Thanks! I tried using 4 nodes with 8 and 24 cores on each node respectively with a matrix of size 1000*20. However the result shows that using 24 cores on each node is slower than using 8 cores on each node. Is this normal or I have missed something when running the code? The exact command is:

STARPU_SCHED=dmdas mpirun ./starpu-1.3.2/mpi/examples/matrix_decomposition/mpi_cholesky_distributed -size $((1000*20)) -nblocks 20

The outputs are shown below:

Result with 4 nodes and 8 cores per node:

[starpu][compare_value_and_recalibrate] Current configuration does not match the bus performance model (CPUS: (stored) 24 != (current) 8), recalibrating...

[starpu][compare_value_and_recalibrate] ... done

[starpu][check_bus_config_file] No performance model for the bus, calibrating...

[starpu][check_bus_config_file] ... done

[starpu][check_bus_config_file] No performance model for the bus, calibrating...

[starpu][check_bus_config_file] ... done

[starpu][_starpu_mpi_print_thread_level_support] MPI_Init_thread level = MPI_THREAD_SERIALIZED; Multiple threads may make MPI calls, but only one at a time.

size: 20000 - nblocks: 20 - dblocksx: 2 - dblocksy: 2

[starpu][_starpu_mpi_print_thread_level_support] MPI_Init_thread level = MPI_THREAD_SERIALIZED; Multiple threads may make MPI calls, but only one at a time.

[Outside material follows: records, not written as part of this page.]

lemma stat_dist_uniform_le_collision:
  fixes D :: "'a::finite pmf"
  shows "stat_dist D (pmf_of_set UNIV)
         \<le> 1/2 * sqrt (real CARD('a) * (\<Sum>z\<in>UNIV. pmf D z ^ 2) - 1)"
proof -
  define N where "N = real CARD('a)"
  have N: "N > 0" unfolding N_def by simp
  define f where "f z = pmf D z - 1 / N" for z
  have sd: "stat_dist D (pmf_of_set UNIV) = 1/2 * (\<Sum>z\<in>UNIV. \<bar>f z\<bar>)"
    by (subst stat_dist_eq_sum[of UNIV]) (auto simp: f_def N_def pmf_of_set)
  have sum_D: "(\<Sum>z\<in>UNIV. pmf D z) = 1" by (simp add: sum_pmf_eq_1)
  have "(\<Sum>z\<in>UNIV. f z ^ 2) = (\<Sum>z\<in>UNIV. pmf D z ^ 2) - 2 / N * (\<Sum>z\<in>UNIV. pmf D z) + N / N^2"
    by (simp add: f_def power2_diff sum.distrib sum_subtractf sum_distrib_left N_def
        power_divide)
  also have "\<dots> = (\<Sum>z\<in>UNIV. pmf D z ^ 2) - 1 / N"
    using N by (simp add: sum_D power2_eq_square field_simps)
  finally have sq: "N * (\<Sum>z\<in>UNIV. f z ^ 2) = N * (\<Sum>z\<in>UNIV. pmf D z ^ 2) - 1"
    using N by (simp add: field_simps)
  have "(\<Sum>z\<in>UNIV. \<bar>f z\<bar>) \<le> L2_set f UNIV * L2_set (\<lambda>_::'a. 1) UNIV"
    using L2_set_mult_ineq[of f "\<lambda>_. 1" UNIV] by simp
  also have "\<dots> = sqrt (N * (\<Sum>z\<in>UNIV. f z ^ 2))"
    by (simp add: L2_set_def N_def real_sqrt_mult)
  finally have "(\<Sum>z\<in>UNIV. \<bar>f z\<bar>) \<le> sqrt (N * (\<Sum>z\<in>UNIV. pmf D z ^ 2) - 1)"
    by (simp only: sq)
  then show ?thesis
    unfolding sd N_def by simp
qed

size: 20000 - nblocks: 20 - dblocksx: 2 - dblocksy: 2

[starpu][_starpu_history_based_job_expected_perf] Warning: model chol_model_11 is not calibrated enough for cpu0_impl0 (Comb0) size 4000000 footprint a45f87dc (only 0 m$[starpu][_starpu_history_based_job_expected_perf] Warning: model chol_model_22 is not calibrated enough for cpu0_impl0 (Comb0) size 12000000 footprint 67bed6a9 (only 0 $[starpu][_starpu_history_based_job_expected_perf] Warning: model chol_model_11 is not calibrated enough for cpu0_impl0 (Comb0) size 4000000 footprint a45f87dc (only 9 m$[starpu][_starpu_history_based_job_expected_perf] Warning: model chol_model_21 is not calibrated enough for cpu0_impl0 (Comb0) size 8000000 footprint d4b37584 (only 0 m$[starpu][_starpu_update_perfmodel_history] Too big deviation for model chol_model_21 on cpu0_impl0 (Comb0): 80135.622000 vs average 47935.153600, 5 such errors against $[starpu][_starpu_update_perfmodel_history] Too big deviation for model chol_model_11 on cpu0_impl0 (Comb0): 2473644.139000 vs average 5214670.073000, 1 such errors agai$[starpu][_starpu_update_perfmodel_history] Too big deviation for model chol_model_11 on cpu0_impl0 (Comb0): 4453137.907000 vs average 1652110.597000, 1 such errors agai$[starpu][_starpu_update_perfmodel_history] Too big deviation for model chol_model_11 on cpu0_impl0 (Comb0): 4959215.396000 vs average 1844665.254000, 1 such errors agai$[1572985659.293172] [sh-107-41:205341:0] mpool.c:38 UCX WARN object 0x19c52c0 was not returned to mpool ucp_requests

Computation time (in ms): 31129.52

Synthetic GFlops : 85.66

Results with 4 nodes and 24 cores per node:

[starpu][compare_value_and_recalibrate] Current configuration does not match the bus performance model (CPUS: (stored) 8 != (current) 24), recalibrating...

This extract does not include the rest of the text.